For I read the Bible through a lens, squinting - 1 Corinthians 13:12

Ribbitted for Your Pleasure [draft]

Exodus 7

Seven days after the Nile had been turned to blood, the Lord appeared to Moses and said, ‘Tell Pharaoh that if he doesn’t let you go so that you can worship me, I’m going to send a plague of frogs.’

Exodus 8

‘Frogs?’ exclaimed Moses. ‘What’s so scary about frogs?’

2 ‘Ah, but these won’t be ordinary frogs,’ laughed the Lord. 3 ‘These will be sex-crazed pervert frogs that will climb into bed with people and hide in their baths so that they can brush against their dangly bits.’

‘You mean… they’re going to be Frenchmen?’

4 The Lord began to cackle like a madman, and then he said, ‘As much as I enjoyed that bit of casual racism, no, they’re going to be actual frogs. 5 Now, tell Aaron to stretch forth his staff over the river, and it will teem with frogs.’

‘Aww,’ whinged Moses. ‘Why does he get to start all of the plagues?’

‘Because he is obedient, and you’re a whiny smart-arse bitch!’ snapped the Lord.

6 Later that day, Moses and Aaron stood on the bank of the Nile. Aaron stretched his staff over the river, and the water… I mean blood, began to bubble as though boiling, and soon an army of large green amphibians emerged from beneath the surface. They came hopping out onto the bank and made their way into the houses of all the Egyptians.

Pharaoh, who was looking out from his window in the palace, saw the frogs and laughed, ‘Frogs? Oh, no. How terrifying…’

His smirk soon faded as the frogs leapt onto people en masse and began to rape any available orifice they could find.

Pharaoh turned to his magicians and demanded, ‘Do something!’

7 So, they got out their grimoires and found a spell to produce frogs, and set about conjuring some of their own, which only made the situation worse.

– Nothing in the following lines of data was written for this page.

(* Let $(P,Q)$ be a smooth solution on $[\tau_1,\tau_2]\times S^1$ of \[ P_{\tau\tau}-e^{-2\tau}P_{\theta\theta}-e^{2P}(Q_\tau^2-e^{-2\tau}Q_\theta^2)=0,\qquad Q_{\tau\tau}-e^{-2\tau}Q_{\theta\theta}+2(P_\tau Q_\tau-e^{-2\tau}P_\theta Q_\theta)=0 . \] Assume $\tau_2\ge\tau_1\ge 2$ and $1\le P(\tau,\theta)\le\tau-1$ for all $(\tau,\theta)\in[\tau_1,\tau_2]\times S^1$. Then $F(\tau)\le F(\tau_1)(\tau_1/\tau)^2$ for all $\tau\in[\tau_1,\tau_2]$.
   Context: $S^1=\mathbb{R}/2\pi\mathbb{Z}$. The function $F$ is \[ F(\tau)=\tfrac12\sup_{\theta\in S^1}\Big[(P_\tau-\tfrac1\tau P+e^{-\tau}P_\theta)^2+e^{2P}(Q_\tau+e^{-\tau}Q_\theta)^2\Big] +\tfrac12\sup_{\theta\in S^1}\Big[(P_\tau-\tfrac1\tau P-e^{-\tau}P_\theta)^2+e^{2P}(Q_\tau-e^{-\tau}Q_\theta)^2\Big]. \] *)

theory Defs
  imports "HOL-Analysis.Analysis"
begin

text \<open>Functions on the strip [a,b] x R (theta-periodic functions represent functions
on [a,b] x S^1).\<close>

definition smooth_strip :: "real \<Rightarrow> real \<Rightarrow> (real \<Rightarrow> real \<Rightarrow> real) \<Rightarrow> bool" where
  "smooth_strip a b f \<longleftrightarrow>
     (\<exists>D. f \<in> D \<and>
        (\<forall>g\<in>D. continuous_on ({a..b} \<times> UNIV) (\<lambda>(t, x). g t x)
          \<and> (\<exists>gt\<in>D. \<forall>t\<in>{a..b}. \<forall>x.
                ((\<lambda>s. g s x) has_real_derivative gt t x) (at t within {a..b}))
          \<and> (\<exists>gx\<in>D. \<forall>t\<in>{a..b}. \<forall>x.
                ((\<lambda>y. g t y) has_real_derivative gx t x) (at x))))"

definition F_energy ::
  "(real \<Rightarrow> real \<Rightarrow> real) \<Rightarrow> (real \<Rightarrow> real \<Rightarrow> real) \<Rightarrow> (real \<Rightarrow> real \<Rightarrow> real) \<Rightarrow>
   (real \<Rightarrow> real \<Rightarrow> real) \<Rightarrow> (real \<Rightarrow> real \<Rightarrow> real) \<Rightarrow> real \<Rightarrow> real" where
  "F_energy P Pt Px Qt Qx \<tau> =
     1/2 * (SUP \<theta>. (Pt \<tau> \<theta> - P \<tau> \<theta> / \<tau> + exp (-\<tau>) * Px \<tau> \<theta>)^2
                  + exp (2 * P \<tau> \<theta>) * (Qt \<tau> \<theta> + exp (-\<tau>) * Qx \<tau> \<theta>)^2)
   + 1/2 * (SUP \<theta>. (Pt \<tau> \<theta> - P \<tau> \<theta> / \<tau> - exp (-\<tau>) * Px \<tau> \<theta>)^2
                  + exp (2 * P \<tau> \<theta>) * (Qt \<tau> \<theta> - exp (-\<tau>) * Qx \<tau> \<theta>)^2)"

end

theory Submission
  imports Defs
begin

(* Write W+ and W- for the two quantities inside the suprema defining F, so that
   F = (sup W+ + sup W-) / 2.  Along the characteristics theta = c + e^-tau (for W+) and
   theta = c - e^-tau (for W-) the Gowdy equations become a transport system for the null
   components, and a direct computation gives

     d/dtau (tau^2 W+-)  <=  k(tau) (tau^2 W-+  -  tau^2 W+-),     k = (1 - 2/tau) / 2 >= 0;

   the hypothesis 1 <= P <= tau - 1 enters only through |1 - 2P/tau| <= 1 - 2/tau.  A maximum
   principle along characteristics (first touching time plus compactness of the circle) bounds
   tau^2 W+ and tau^2 W- by the solutions alpha, beta of alpha' = k (beta - alpha),
   beta' = k (alpha - beta) with initial values tau1^2 sup W+-(tau1).  Since alpha + beta is
   constant, tau^2 F(tau) <= tau1^2 F(tau1). *)

lemma has_real_derivative_unique_Icc:
  fixes f :: "real \<Rightarrow> real"
  assumes "a < b" "t \<in> {a..b}"
    and "(f has_real_derivative d1) (at t within {a..b})"
    and "(f has_real_derivative d2) (at t within {a..b})"
  shows "d1 = d2"
  using vector_derivative_unique_within_closed_interval[of a b t f d1 d2] assms
  by (simp add: has_real_derivative_iff_has_vector_derivative)

lemma continuous_on_strip_slice_t:
  fixes f :: "real \<Rightarrow> real \<Rightarrow> real"
  assumes "continuous_on ({a..b} \<times> UNIV) (\<lambda>(t, x). f t x)" "I \<subseteq> {a..b}"
  shows "continuous_on I (\<lambda>t. f t x)"
proof -
  have "continuous_on I ((\<lambda>(t, x). f t x) \<circ> (\<lambda>t. (t, x)))"
    by (rule continuous_on_compose)
      (use assms in \<open>auto intro!: continuous_intros continuous_on_subset[OF assms(1)]\<close>)
  then show ?thesis by (simp add: o_def)
qed

lemma continuous_on_strip_slice_x:
  fixes f :: "real \<Rightarrow> real \<Rightarrow> real"
  assumes "continuous_on ({a..b} \<times> UNIV) (\<lambda>(t, x). f t x)" "t \<in> {a..b}"
  shows "continuous_on UNIV (\<lambda>x. f t x)"
proof -
  have "continuous_on UNIV ((\<lambda>(t, x). f t x) \<circ> (\<lambda>x. (t, x)))"
    by (rule continuous_on_compose)
      (use assms in \<open>auto intro!: continuous_intros continuous_on_subset[OF assms(1)]\<close>)
  then show ?thesis by (simp add: o_def)
qed

lemma continuous_on_strip_cong:
  fixes f g :: "real \<Rightarrow> real \<Rightarrow> real"
  assumes "continuous_on ({a..b} \<times> UNIV) (\<lambda>(t, x). g t x)"
    and "\<forall>t\<in>{a..b}. \<forall>x. f t x = g t x"
  shows "continuous_on ({a..b} \<times> UNIV) (\<lambda>(t, x). f t x)"
  using assms(1) by (rule continuous_on_eq) (use assms(2) in auto)

lemma has_real_derivative_along_curve:
  fixes f ft fx :: "real \<Rightarrow> real \<Rightarrow> real"
  assumes ft: "\<forall>t\<in>I. \<forall>x. ((\<lambda>s. f s x) has_real_derivative ft t x) (at t within I)"
    and fx: "\<forall>t\<in>I. \<forall>x. ((\<lambda>y. f t y) has_real_derivative fx t x) (at x)"
    and fx_cont: "continuous_on (I \<times> UNIV) (\<lambda>(t, x). fx t x)"
    and \<gamma>: "(\<gamma> has_real_derivative \<gamma>') (at s within I)"
    and s: "s \<in> I"
  shows "((\<lambda>s. f s (\<gamma> s)) has_real_derivative ft s (\<gamma> s) + \<gamma>' * fx s (\<gamma> s)) (at s within I)"
proof -
  \<comment> \<open>continuity of one partial derivative suffices for total differentiability\<close>
  have "continuous_on (I \<times> UNIV) (\<lambda>(t, x). blinfun_mult_right (fx t x))"
    using continuous_on_compose2[OF bounded_linear.continuous_on[OF bounded_linear_blinfun_mult_right
        continuous_on_id] fx_cont]
    by (auto simp: split_beta)
  then have "continuous (at (s, \<gamma> s) within I \<times> UNIV) (\<lambda>(t, x). blinfun_mult_right (fx t x))"
    using s by (simp add: continuous_on_eq_continuous_within)
  then have "((\<lambda>(t, x). f t x) has_derivative
      (\<lambda>(h, k). ft s (\<gamma> s) * h + blinfun_mult_right (fx s (\<gamma> s)) k)) (at (s, \<gamma> s) within I \<times> UNIV)"
    using ft fx s
    by (intro has_derivative_partialsI)
      (auto simp: has_field_derivative_def blinfun_mult_right.rep_eq)
  then have f: "((\<lambda>(t, x). f t x) has_derivative
      (\<lambda>(h, k). ft s (\<gamma> s) * h + blinfun_mult_right (fx s (\<gamma> s)) k))
      (at (s, \<gamma> s) within (\<lambda>s. (s, \<gamma> s)) ` I)"
    by (rule has_derivative_subset) auto
  have graph: "((\<lambda>s. (s, \<gamma> s)) has_derivative (\<lambda>h. (h, \<gamma>' * h))) (at s within I)"
    using \<gamma> unfolding has_field_derivative_def by (rule has_derivative_Pair[OF has_derivative_ident])
  have "((\<lambda>(t, x). f t x) \<circ> (\<lambda>s. (s, \<gamma> s)) has_derivative
      (\<lambda>(h, k). ft s (\<gamma> s) * h + blinfun_mult_right (fx s (\<gamma> s)) k) \<circ> (\<lambda>h. (h, \<gamma>' * h)))
      (at s within I)"
    by (rule diff_chain_within[OF graph f])
  then have "((\<lambda>s. f s (\<gamma> s)) has_derivative
      (\<lambda>h. ft s (\<gamma> s) * h + blinfun_mult_right (fx s (\<gamma> s)) (\<gamma>' * h))) (at s within I)"
    by (simp add: o_def)
  then show ?thesis
    unfolding has_field_derivative_def
    by (rule has_derivative_eq_rhs) (simp add: fun_eq_iff blinfun_mult_right.rep_eq algebra_simps)
qed

lemma integral_Icc_eq_diff:
  fixes f f' :: "real \<Rightarrow> real"
  assumes "t \<in> {a..b}"
    and "\<forall>s\<in>{a..b}. (f has_real_derivative f' s) (at s within {a..b})"
  shows "integral {a..t} f' = f t - f a"
proof -
  have "(f' has_integral (f t - f a)) {a..t}"
  proof (rule fundamental_theorem_of_calculus)
    fix s assume "s \<in> {a..t}"
    with assms have "(f has_real_derivative f' s) (at s within {a..b})" by auto
    then show "(f has_vector_derivative f' s) (at s within {a..t})"
      unfolding has_real_derivative_iff_has_vector_derivative[symmetric]
      by (rule has_field_derivative_subset) (use assms in auto)
  qed (use assms in auto)
  then show ?thesis by (rule integral_unique)
qed

lemma continuous_vanishing_integrals_imp_zero:
  fixes g :: "real \<Rightarrow> real"
  assumes "a < b" "continuous_on {a..b} g"
    and zero: "\<forall>u\<in>{a..b}. integral {a..u} g = 0"
    and t: "t \<in> {a..b}"
  shows "g t = 0"
proof -
  have "((\<lambda>u. integral {a..u} g) has_vector_derivative g t) (at t within {a..b})"
    using integral_has_vector_derivative[OF assms(2) t] .
  moreover have "((\<lambda>u. integral {a..u} g) has_vector_derivative 0) (at t within {a..b})"
    by (rule has_vector_derivative_transform_within[where f="\<lambda>_. 0" and d=1])
      (use t zero in \<open>auto intro!: derivative_intros\<close>)
  ultimately show ?thesis
    using vector_derivative_unique_within_closed_interval[of a b t _ "g t" 0] assms(1) t by auto
qed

8 That evening, Pharaoh summoned Moses and Aaron to his palace. He pleaded with them, ‘Please tell your god to take the frogs away! I’ll do anything you want! I took a nap this afternoon, and I awoke with several of the bastards raping my face!’

9 Aaron and Moses looked at each other and cringed, and then Moses said, ‘Fair enough, let us go worship the Lord in the Desert of Shur as we asked.’

10 ‘Fine!’ replied Pharaoh. ‘How’s… wait a second.’ He coughed up some frogspawn, then wiped his mouth and continued, ‘How’s tomorrow for you?’

11 Moses looked up from vomiting and croaked, ‘That’ll do nicely.’

12 After they left the palace, Moses prayed to the Lord to take away the frogs, 13 and the Lord capitulated. 14 The frogs that had plagued the Egyptians died, and their slimy corpses lay in heaps all over the land. The Lord was delighted, because not only did they stink to high heavens, but people kept on slipping on them and injuring themselves. The Lord is a big fan of slapstick.

15 Once the frogs were away, Pharaoh decided to renege on his promise, and so, he refused to let the Israelites go.